160417_6_convert_20160419003835.jpg これらに対して古沢先生からは、
 「果てしない成長・拡大を目指す経済政策は、多様性を破壊し格差を拡大させる。
 経済の価値には GDP以外の要素がある。各論レベルでは資本主義の問題に警鐘が鳴らされ、シェアエコノミーや共生経済等が模索されているが、トータルなのオルタナティブの提示までは至っていない。
 環境・経済・社会の3つをバランスさせ、環境的適正と社会的公正を踏まえた経済発展が必要」との回答。
 「中国の経済成長志向を考えると、パリ協定には実効性があるか疑問」との質問には、
 「京都議定書にはペナルティの規定があったため、結局守れずに離脱がする国が相次いだ。今回のパリ協定は全加盟国が参加し、自主的に頑張ろう、定期的に発表し合おうという枠組み。自分だけ知りませんよ、という訳にはいかない」との評価。

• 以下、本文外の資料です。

lemma A_elem_flip_at:
  assumes "length y = n" "l < n"
  shows "A_elem n y (flip_at l y) = (-1) ^ count_list (take l y) True"
proof -
  define P where "P k i = (if Suc i < k then PZ else if Suc i = k then PX else PI)" for k i
  define T where "T k = (\<Prod>i<n. pauli_elem (P k i) (y ! i) (flip_at l y ! i))" for k
  have "A_elem n y (flip_at l y) = (\<Sum>k\<in>{1..n}. T k)"
    unfolding A_elem_def pstring_elem_def T_def P_def
    by (intro sum.cong prod.cong) (simp_all del: upt_Suc)
  also have "\<dots> = T (Suc l) + (\<Sum>k\<in>{1..n} - {Suc l}. T k)"
    using assms by (intro sum.remove) auto
  also have "(\<Sum>k\<in>{1..n} - {Suc l}. T k) = 0"
  proof (intro sum.neutral ballI)
    fix k assume "k \<in> {1..n} - {Suc l}"
    then have "pauli_elem (P k l) (y ! l) (flip_at l y ! l) = 0"
      using assms by (simp add: P_def nth_flip_at)
    then show "T k = 0"
      unfolding T_def using assms by (intro prod_zero) auto
  qed
  also have "T (Suc l) + 0 = (\<Prod>i<n. if i < l \<and> y ! i then -1 else 1)"
    unfolding T_def P_def add_0_right using assms by (intro prod.cong) (auto simp: nth_flip_at)
  also have "\<dots> = (-1) ^ card {i \<in> {..<n}. i < l \<and> y ! i}"
    by (rule minus_one_power_card[symmetric]) simp
  also have "{i \<in> {..<n}. i < l \<and> y ! i} = {i. i < length (take l y) \<and> take l y ! i}"
    using assms by auto
  finally show ?thesis
    by (simp add: count_list_eq_length_filter length_filter_conv_card eq_commute[of True])
qed

lemma psi_odd_expansion:
  assumes "y \<in> odd_strs n"
  shows "psi n y = (\<lambda>z. \<Sum>l<n. complex_of_real (1 / sqrt (real n)) * (-1) ^ count_list (take l y) True
                              * ket (take (n - 1) (flip_at l y)) z)"
proof -
  have len: "length y = n" using assms by (simp add: odd_strs_def bitstrings_def)
  have "psi n y = psi_odd n y"
    using assms by (simp add: psi_def odd_strs_def even_strs_def)
  then show ?thesis
    unfolding psi_odd_def even_neighbours_of_odd[OF assms]
    using len inj_on_flip_at[of y]
    by (simp add: sum.reindex A_elem_flip_at psi_even_def sum_distrib_left mult.assoc)
qed

lemma apply_op_lincomb:
  "apply_op m M (\<lambda>z. \<Sum>l\<in>L. w l * f l z) = (\<lambda>z. \<Sum>l\<in>L. w l * apply_op m M (f l) z)"
proof
  fix z
  have "(\<Sum>x\<in>bitstrings m. M z x * (\<Sum>l\<in>L. w l * f l x))
      = (\<Sum>l\<in>L. w l * (\<Sum>x\<in>bitstrings m. M z x * f l x))"
    by (simp add: sum_distrib_left mult.left_commute sum.swap[of _ "bitstrings m"])
  then show "apply_op m M (\<lambda>z. \<Sum>l\<in>L. w l * f l z) z = (\<Sum>l\<in>L. w l * apply_op m M (f l) z)"
    by (simp add: apply_op_def)
qed

lemma apply_op_ket:
  assumes "length b = m"
  shows "apply_op m M (ket b) = (\<lambda>z. if length z = m then M z b else 0)"
proof -
  have "b \<in> bitstrings m" using assms by (simp add: bitstrings_def)
  then show ?thesis
    by (simp add: apply_op_def ket_def finite_bitstrings if_distrib[of "(*) _"] cong: if_cong)
qed
lemma finitely_satisfiable_type_beyond_cut:
  assumes pm: "presburger_model M" and es: "elem_sub M M0"
    and p: "p \<subseteq> fmls M0 n" and \<phi>: "\<phi> \<in> fmls M0 (Suc n)"
    and a: "length a = n" "\<forall>f\<in>p. sat M UNIV (tenv a) f" "sat M UNIV (tenv (a @ [t])) \<phi>"
    and tM0: "t \<notin> M0" and Y: "\<forall>y\<in>Y. same_cut M M0 y t"
    and \<theta>: "\<And>y b. y \<in> Y \<Longrightarrow> length b = n \<Longrightarrow>
      sat M UNIV (tenv b) (\<theta> y) \<longleftrightarrow> (\<exists>z. sat M UNIV (tenv (b @ [z])) \<phi> \<and> less_dir M d z y)"
  shows "\<forall>F. F \<subseteq> p \<union> \<theta> ` Y \<longrightarrow> finite F \<longrightarrow> (\<exists>b. length b = n \<and> (\<forall>\<psi>\<in>F. sat M UNIV (tenv b) \<psi>))"
proof (intro allI impI)
  fix F assume F: "F \<subseteq> p \<union> \<theta> ` Y" "finite F"
  have "F - p \<subseteq> \<theta> ` Y" using F(1) by blast
  from finite_subset_image[OF finite_Diff[OF F(2)] this]
  obtain Y' where Y': "Y' \<subseteq> Y" "finite Y'" "F - p = \<theta> ` Y'"
    by blast
  have Fp: "finite (F \<inter> p)" "F \<inter> p \<subseteq> fmls M0 n" "\<forall>f\<in>F \<inter> p. sat M UNIV (tenv a) f"
    using F(2) p a(2) by auto
  have cut: "\<forall>y\<in>Y'. same_cut M M0 y t" using Y Y'(1) by blast
  obtain b z where b: "length b = n" "\<forall>f\<in>F \<inter> p. sat M UNIV (tenv b) f"
    "sat M UNIV (tenv (b @ [z])) \<phi>" "\<forall>y\<in>Y'. less_dir M d z y"
    using finitely_satisfiable_beyond_cut[OF pm es Fp(1,2) \<phi> a(1) Fp(3) a(3) tM0 Y'(2) cut]
    by blast
  have "sat M UNIV (tenv b) \<psi>" if \<psi>: "\<psi> \<in> F" for \<psi>
  proof (cases "\<psi> \<in> p")
    case True
    then show ?thesis using \<psi> b(2) by blast
  next
    case False
    then obtain y where y: "y \<in> Y'" "\<psi> = \<theta> y" using \<psi> Y'(3) by blast
    then have "y \<in> Y" using Y'(1) by blast
    moreover have "\<exists>z. sat M UNIV (tenv (b @ [z])) \<phi> \<and> less_dir M d z y" using b(3,4) y(1) by blast
    ultimately show ?thesis using \<theta>[OF _ b(1)] y(2) by simp
  qed
  then show "\<exists>b. length b = n \<and> (\<forall>\<psi>\<in>F. sat M UNIV (tenv b) \<psi>)" using b(1) by blast
qed

lemma realization_beyond_cut:
  fixes M :: "'a pres_struct"
  assumes pm: "presburger_model M" and satd: "saturated M" and es: "elem_sub M M0"
    and sm: "small M0" and inf: "infinite (UNIV :: 'a set)" and p: "p \<subseteq> fmls M0 n"
    and rd: "rel_definable M M0 n (realizations M n p) \<alpha>"
    and a: "a \<in> realizations M n p" and tM0: "\<alpha> a \<notin> M0"
  shows "\<exists>a'\<in>realizations M n p.
    \<forall>y\<in>dcl M (set a \<union> M0) \<inter> {y. same_cut M M0 y (\<alpha> a)}. less_dir M d (\<alpha> a') y"
proof -
  obtain \<phi> where \<phi>: "\<phi> \<in> fmls M0 (Suc n)"
    and uniq: "\<And>b. length b = n \<Longrightarrow> \<exists>!y. sat M UNIV (tenv (b @ [y])) \<phi>"
    and graph: "\<And>b. b \<in> realizations M n p \<Longrightarrow> sat M UNIV (tenv (b @ [\<alpha> b])) \<phi>"
    using rd unfolding rel_definable_def by blast
  have la: "length a = n" and ap: "\<forall>f\<in>p. sat M UNIV (tenv a) f"
    using a by (auto simp: realizations_def)
  define Y where "Y = dcl M (set a \<union> M0) \<inter> {y. same_cut M M0 y (\<alpha> a)}"
  have \<phi>a: "\<phi> \<in> fmls (set a \<union> M0) (Suc n)" and pa: "p \<subseteq> fmls (set a \<union> M0) n"
    using \<phi> p by (auto simp: fmls_def)
  have "\<forall>y\<in>Y. \<exists>\<theta>\<in>fmls (set a \<union> M0) n. \<forall>b. length b = n \<longrightarrow>
      (sat M UNIV (tenv b) \<theta> \<longleftrightarrow> (\<exists>z. sat M UNIV (tenv (b @ [z])) \<phi> \<and> less_dir M d z y))"
    using definable_value_less_fm[OF _ \<phi>a] by (simp add: Y_def)
  from bchoice[OF this[unfolded Bex_def]] obtain \<theta> where \<theta>: "\<forall>y\<in>Y. \<theta> y \<in> fmls (set a \<union> M0) n \<and>
      (\<forall>b. length b = n \<longrightarrow>
        (sat M UNIV (tenv b) (\<theta> y) \<longleftrightarrow> (\<exists>z. sat M UNIV (tenv (b @ [z])) \<phi> \<and> less_dir M d z y)))"
    by blast
  then have \<theta>_sat: "\<And>y b. y \<in> Y \<Longrightarrow> length b = n \<Longrightarrow>
      sat M UNIV (tenv b) (\<theta> y) \<longleftrightarrow> (\<exists>z. sat M UNIV (tenv (b @ [z])) \<phi> \<and> less_dir M d z y)"
    by blast
  have \<Gamma>: "p \<union> \<theta> ` Y \<subseteq> fmls (set a \<union> M0) n"
    using pa \<theta> by blast
  have small: "small (set a \<union> M0)"
    using small_Un_finite[OF sm finite_set inf] by (simp add: Un_commute)
  have cut: "\<forall>y\<in>Y. same_cut M M0 y (\<alpha> a)" by (simp add: Y_def)
  from saturated_realizes[OF satd small inf \<Gamma>
      finitely_satisfiable_type_beyond_cut[OF pm es p \<phi> la ap graph[OF a] tM0 cut \<theta>_sat]]
  obtain a' where a': "length a' = n" "\<forall>\<psi>\<in>p \<union> \<theta> ` Y. sat M UNIV (tenv a') \<psi>"
    by blast
  then have a'P: "a' \<in> realizations M n p" by (auto simp: realizations_def)
  have "less_dir M d (\<alpha> a') y" if y: "y \<in> Y" for y
  proof -
    obtain z where "sat M UNIV (tenv (a' @ [z])) \<phi>" "less_dir M d z y"
      using a' \<theta>_sat[OF y a'(1)] y by auto
    moreover have "z = \<alpha> a'" using uniq[OF a'(1)] graph[OF a'P] calculation(1) by blast
    ultimately show ?thesis by simp
  qed
  then show ?thesis using a'P unfolding Y_def by blast
qed

lemma non_algebraic_infinite:
  fixes M :: "'a pres_struct"
  assumes "non_algebraic M 1 (tp M A [t])"
  shows "infinite (UNIV :: 'a set)"
proof
  assume fin: "finite (UNIV :: 'a set)"
  have "Eq (Var 0) (Var 0) \<in> tp M A [t]" by (auto simp: tp_def fmls_def)
  then have "infinite {b. length b = 1 \<and> sat M UNIV (tenv b) (Eq (Var 0) (Var 0))}"
    using assms unfolding non_algebraic_def by blast
  moreover have "finite {b :: 'a list. length b = 1}"
    using finite_lists_length_eq[OF fin, of 1] by simp
  ultimately show False by (auto elim: rev_finite_subset)
qed

lemma non_algebraic_not_in:
  assumes "non_algebraic M 1 (tp M A [t])"
  shows "t \<notin> A"
proof
  assume "t \<in> A"
  then have "Eq (Var 0) (Par t) \<in> tp M A [t]" by (auto simp: tp_def fmls_def tenv_nth)
  then have "infinite {b. length b = 1 \<and> sat M UNIV (tenv b) (Eq (Var 0) (Par t))}"
    using assms unfolding non_algebraic_def by blast
  moreover have "{b. length b = 1 \<and> sat M UNIV (tenv b) (Eq (Var 0) (Par t))} \<subseteq> {[t]}"
    by (auto simp: tenv_nth length_Suc_conv)
  ultimately show False using finite_subset by blast
qed

theorem lemma4p3:
  fixes M :: "'a pres_struct" and M0 :: "'a set" and n :: nat
    and p :: "'a fm set" and \<alpha> :: "'a list \<Rightarrow> 'a" and a :: "'a list"
  assumes "presburger_model M"
    and "saturated M"
    and "elem_sub M M0"
    and "small M0"
    and "complete_type M M0 n p"
    and "type_has_dim M M0 n p n"
    and "rel_definable M M0 n (realizations M n p) \<alpha>"
    and "a \<in> realizations M n p"
    and "non_algebraic M 1 (tp M M0 [\<alpha> a])"
  shows "\<exists>a1\<in>realizations M n p. \<exists>a2\<in>realizations M n p.
           \<forall>y\<in>dcl M (set a \<union> M0) \<inter> {y. same_cut M M0 y (\<alpha> a)}.
             less M (\<alpha> a1) y \<and> less M y (\<alpha> a2)"
proof -
  have inf: "infinite (UNIV :: 'a set)" and tM0: "\<alpha> a \<notin> M0"
    using assms(9) by (rule non_algebraic_infinite, rule non_algebraic_not_in)
  have p: "p \<subseteq> fmls M0 n" using assms(5) by (simp add: complete_type_def)
  note beyond = realization_beyond_cut[OF assms(1-4) inf p assms(7,8) tM0]
  obtain a1 where "a1 \<in> realizations M n p"
      "\<forall>y\<in>dcl M (set a \<union> M0) \<inter> {y. same_cut M M0 y (\<alpha> a)}. less M (\<alpha> a1) y"
    using beyond[of True] by (auto simp: less_dir_def)
  moreover obtain a2 where "a2 \<in> realizations M n p"
      "\<forall>y\<in>dcl M (set a \<union> M0) \<inter> {y. same_cut M M0 y (\<alpha> a)}. less M y (\<alpha> a2)"
    using beyond[of False] by (auto simp: less_dir_def)
  ultimately show ?thesis by blast
qed

end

 別の参加者からは「格差と貧困の問題を、どう脱成長の議論と結びつけていくか。貧困に苦しんでいる若者からすると、脱成長など勘弁してくれという思いもあるのではないか」との意見も。
 関連して私からは「諸外国と比べても日本は脱成長先進国。社会福祉や防災対策のために は一定の経済成長と税収増が必要では。アベノミクスの目標も実質2%に過ぎないことを考えると、「脱成長」は対抗軸になり得ないのではないか」と問題提起。
 これに対して高坂氏からは、「経済成長さえすれば何でも解決できるといった経済成長至上主義ではないものを目指すこと、価値観を転換することの重要性を『脱成長』という言葉で代表させている」とのコメント。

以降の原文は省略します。